Collected data:
+ + +
(* Let $V$ be a complex vector space of dimension $n$ with a Hermitian inner product, let $k\ge 0$ and let $u$ be a (complex) $k$-form on $V$. Then $$(-1)^{k(k+1)/2}\,\lvert u\rvert^2\,\omega^{[n]}=\sum_{l=0}^{n}(-1)^l\, b_l\;\Lambda^{[l]}u\wedge\Lambda^{[l]}\overline{\mathbf I u}\wedge\omega^{[n-k+2l]},$$ where $(b_l)_{l\ge0}$ is the integer sequence defined by $b_0=1$ and $\sum_{l=0}^{p}(-1)^l\binom{p}{l}^2 b_l=0$ for all $p\ge1$.
   Context: $V$ is a complex vector space of dimension $n$ with Hermitian inner product $h$, and $\omega=-\operatorname{Im}h$ is the associated positive real $(1,1)$-form. For an element $A$ of an algebra (or an operator) set $A^{[k]}=A^k/k!$ for $k\ge0$; by convention $\omega^{[m]}=0$ for $m<0$ or $m>n$. The exterior algebra $\bigwedge^*V^*$ carries the Hermitian inner product induced by $h$, with Hodge star $*$, so that $\langle u,v\rangle\,\omega^{[n]}=u\wedge *\overline v$ and $\lvert u\rvert^2=\langle u,u\rangle$. $L$ is the Lefschetz operator $L u=\omega\wedge u$ and $\Lambda$ its adjoint with respect to this inner product. $\mathbf I=\sum_{p,q}i^{p-q}\pi_{p,q}$, where $\pi_{p,q}$ is the orthogonal projection of $\bigwedge^*V^*$ onto the $(p,q)$-forms. *)

theory Defs
  imports Complex_Main
begin

text \<open>Model: V = C^n with its standard Hermitian product (z_1..z_n orthonormal coordinates).
  A complex form on V is written uniquely as a sum of c_S e_S, where S ranges over subsets of
  the 2n "letters" {0..<2n}: letter j < n stands for dz_j, letter n+j stands for the
  conjugate of dz_j, and e_S is the wedge product of the letters of S in increasing order.\<close>

type_synonym form = "nat set \<Rightarrow> complex"

definition letters :: "nat \<Rightarrow> nat set" where
  "letters n = {..<2*n}"

definition is_form :: "nat \<Rightarrow> form \<Rightarrow> bool" where
  "is_form n u \<longleftrightarrow> (\<forall>S. \<not> S \<subseteq> letters n \<longrightarrow> u S = 0)"

definition is_kform :: "nat \<Rightarrow> nat \<Rightarrow> form \<Rightarrow> bool" where
  "is_kform n k u \<longleftrightarrow> is_form n u \<and> (\<forall>S. card S \<noteq> k \<longrightarrow> u S = 0)"

definition bas :: "nat set \<Rightarrow> form" where
  "bas S = (\<lambda>T. if T = S then 1 else 0)"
+ + +
(REQUIRED WORK): For every line above that holds the word "letters", report the whole line.

(WRITTEN SOLUTION):
  the 2n "letters" {0..<2n}: letter j < n stands for dz_j, letter n+j stands for the
  conjugate of dz_j, and e_S is the wedge product of the letters of S in increasing order.\<close>
definition letters :: "nat \<Rightarrow> nat set" where
  "letters n = {..<2*n}"
  "is_form n u \<longleftrightarrow> (\<forall>S. \<not> S \<subseteq> letters n \<longrightarrow> u S = 0)"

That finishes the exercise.